The impact of Hall physics on magnetized high energy density plasma jets

Magnetized high energy density (HED) plasma jets produced by radial foil explosions on pulsed power machines have improved our understanding of the fundamental mechanisms driving flowing matter under extreme conditions. Experiments and simulations indicate that magnetic fields are crucial in the formation and stability of strongly collimated plasma jets, a property also shared by astrophysical jets originating from black holes and protostars. It is understood that these magnetic fields also generate electric fields, often associated with the dynamo effect.
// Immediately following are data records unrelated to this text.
(* Let $\mathbb{S}$ be a finite state space with $|\mathbb{S}|=K$ and let ${\bm Q}$ be the $K\times K$ transition rate matrix of a stationary and ergodic (irreducible) continuous-time Markov chain on $\mathbb{S}$. Regard ${\bm Q}$ as a function of its off-diagonal entries $q_{ij}\ge 0$ ($i\neq j$), the diagonal being determined by the requirement that each row sums to zero. Let ${\bm P}({\bm Q})={\bm I}+{\bm Q}/\gamma({\bm Q})$, where $\gamma$ is a positive function of the off-diagonal entries with $\gamma({\bm Q})>\max_{k}(-{\bm Q}_{kk})$, and fix $i\neq j$ such that ${\bm P}$ is differentiable with respect to $q_{ij}$ at ${\bm Q}$. Write ${\bm P}={\bm P}({\bm Q})$, let ${\bm\pi}$ be the unique stationary distribution of the chain (so ${\bm\pi}^{\mathsf T}{\bm Q}=0$), and let ${\bm\Pi}$ be the $K\times K$ matrix each of whose rows equals ${\bm\pi}^{\mathsf T}$. Then the limit $$\lim_{t\to\infty}\sum_{l=1}^{t}{\bm P}^{t-l}\,\frac{\partial {\bm P}({\bm Q})}{\partial q_{ij}}\,{\bm P}^{l-1}$$ exists and is unique, and it equals $${\bm\Pi}\sum_{l=0}^{\infty}\frac{\partial {\bm P}({\bm Q})}{\partial q_{ij}}\,{\bm P}^{l},$$ where the series converges.
   Context: A transition rate matrix has nonnegative off-diagonal entries and rows summing to zero; for a stationary ergodic chain on a finite state space there is a unique stationary distribution ${\bm\pi}$. The matrix ${\bm P}={\bm I}+{\bm Q}/\gamma$ is the uniformized transition probability matrix of the chain; it has the same stationary distribution as ${\bm Q}$. In the paper's construction $\gamma({\bm Q})=\max_k(-{\bm Q}_{kk})+\epsilon$ for a fixed $\epsilon>0$. Matrix derivatives are entrywise. *)

theory Defs
  imports "HOL-Analysis.Analysis"
begin
lemma eigenstate_density_invariant:
  assumes "qw_step a b c d \<Psi> = qstate_scale k \<Psi>" and "cmod k = 1"
  shows "qw_phi ((qw_step a b c d ^^ n) \<Psi>) = qw_phi \<Psi>"
  using assms(2) by (simp add: eigenstate_iterate[OF assms(1)] qw_phi_scale norm_power)

lemma eigenstate_stationary:
  assumes "qw_step a b c d \<Psi> = qstate_scale k \<Psi>" and "cmod k = 1" and "qw_phi \<Psi> \<noteq> (\<lambda>_. 0)"
  shows "qw_phi \<Psi> \<in> stat_measures a b c d"
  using assms eigenstate_density_invariant[OF assms(1,2)]
  by (auto simp: stat_measures_def qw_phi_def)

definition lin_geom_state ::
    "complex \<Rightarrow> complex \<Rightarrow> complex \<Rightarrow> complex \<Rightarrow> complex \<Rightarrow> complex \<Rightarrow> qstate" where
  "lin_geom_state A B \<gamma> h lam b = (\<lambda>x.
     ((A + of_int x * B) * \<gamma> powi x,
      ((A + of_int x * B) * h - lam * B) * \<gamma> powi (x - 1) / b))"

(* The two components of the eigenvalue equation U Psi = lam Psi, with g standing for a power
   of gamma; they only use lam = a gamma + h, d = a gamma^2 and b c = h^2. *)
lemma lin_geom_left_component:
  fixes a b h lam \<gamma> A B X g :: complex
  assumes "lam = a * \<gamma> + h" and "b \<noteq> 0"
  shows "a * ((A + (X + 1) * B) * (g * \<gamma>)) + b * (((A + (X + 1) * B) * h - lam * B) * g / b)
       = lam * ((A + X * B) * g)"
  using assms by (simp add: field_simps)

lemma lin_geom_right_component:
  fixes a b c d h lam \<gamma> A B X g :: complex
  assumes "lam = a * \<gamma> + h" and "d = a * \<gamma>\<^sup>2" and "b * c = h\<^sup>2" and "b \<noteq> 0"
  shows "c * ((A + (X - 1) * B) * (g * \<gamma>)) + d * (((A + (X - 1) * B) * h - lam * B) * g / b)
       = lam * (((A + X * B) * h - lam * B) * (g * \<gamma>) / b)"
proof -
  have c_eq: "c = h\<^sup>2 / b" using assms(3,4) by (simp add: field_simps)
  show ?thesis
    unfolding c_eq assms(1,2) using assms(4) by (simp add: field_simps power2_eq_square)
qed
lemma partial_prod_le_lim:
  fixes f :: "nat \<Rightarrow> 'b::{linordered_nonzero_semiring, linorder_topology}"
  assumes ge_1: "\<And>i. k \<le> i \<Longrightarrow> 1 \<le> f i"
    and lim: "(\<lambda>n. \<Prod>i=k..n. f i) \<longlonglongrightarrow> L"
  shows "(\<Prod>i=k..n. f i) \<le> L"
proof (rule incseq_le[OF incseq_SucI lim])
  fix n
  show "(\<Prod>i=k..n. f i) \<le> (\<Prod>i=k..Suc n. f i)"
  proof (cases "k \<le> Suc n")
    case True
    then have "(\<Prod>i=k..Suc n. f i) = f (Suc n) * (\<Prod>i=k..n. f i)"
      by (simp add: atLeastAtMostSuc_conv)
    moreover have "0 \<le> (\<Prod>i=k..n. f i)"
      using prod_ge_1[of "{k..n}" f] ge_1 by (simp add: order_trans[OF zero_le_one])
    ultimately show ?thesis
      using mult_right_mono[OF ge_1[of "Suc n"]] True by simp
  qed simp
qed

locale indep_copy_walks = prob_space +
  fixes X X' :: "nat \<Rightarrow> 'a \<Rightarrow> real" and Y :: "'a \<Rightarrow> real"
  assumes indep: "indep_vars (\<lambda>_. borel) (all_vars X X' Y) all_idx"
    and same_distr: "distr M (PiM {1..} (\<lambda>_. borel)) (\<lambda>\<omega>. \<lambda>i\<in>{1..}. X i \<omega>)
                   = distr M (PiM {1..} (\<lambda>_. borel)) (\<lambda>\<omega>. \<lambda>i\<in>{1..}. X' i \<omega>)"
begin

lemma random_variable_all_vars: "z \<in> all_idx \<Longrightarrow> random_variable borel (all_vars X X' Y z)"
  using indep unfolding indep_vars_def by auto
In fact, when the Lundquist number is large enough, the dynamo effect is frequently seen as the dominant electric field driver of flowing plasmas. This is true inside the collimated jet where the density (\textgreater\ 10$^{19}$ cm$^{-3})$, velocity (\textless\ 200 km/s) and temperature (\textgreater\ 50 eV) are high enough to preclude the dominance of any other type of electric fields. However, the ion flow speed is much lower than the speed of light. As a result, dynamo electric fields do not impact noticeably fluid motion since electric stresses are negligible compared to magnetic stresses. On the other hand, Hall physics dominates the low density plasma surrounding the jet (\textless\ 10$^{18}$ cm$^{-3})$. In this region, electron speeds can be orders of magnitude higher than the bulk flow velocity as ion and electron fluids are decoupled. As a result, electric stresses can rival with magnetic stresses and Hall physics does impact the overall plasma dynamics. This talk will discuss how HED plasmas are subjected to Hall physics and how it impacts the particle confinement as well as the MHD stability of plasma jets. After focusing on experimental results and numerical simulations from the PERSEUS code, the talk will extend its conclusions to inertial fusion regimes where Hall physics could also alter plasma confinement and stability.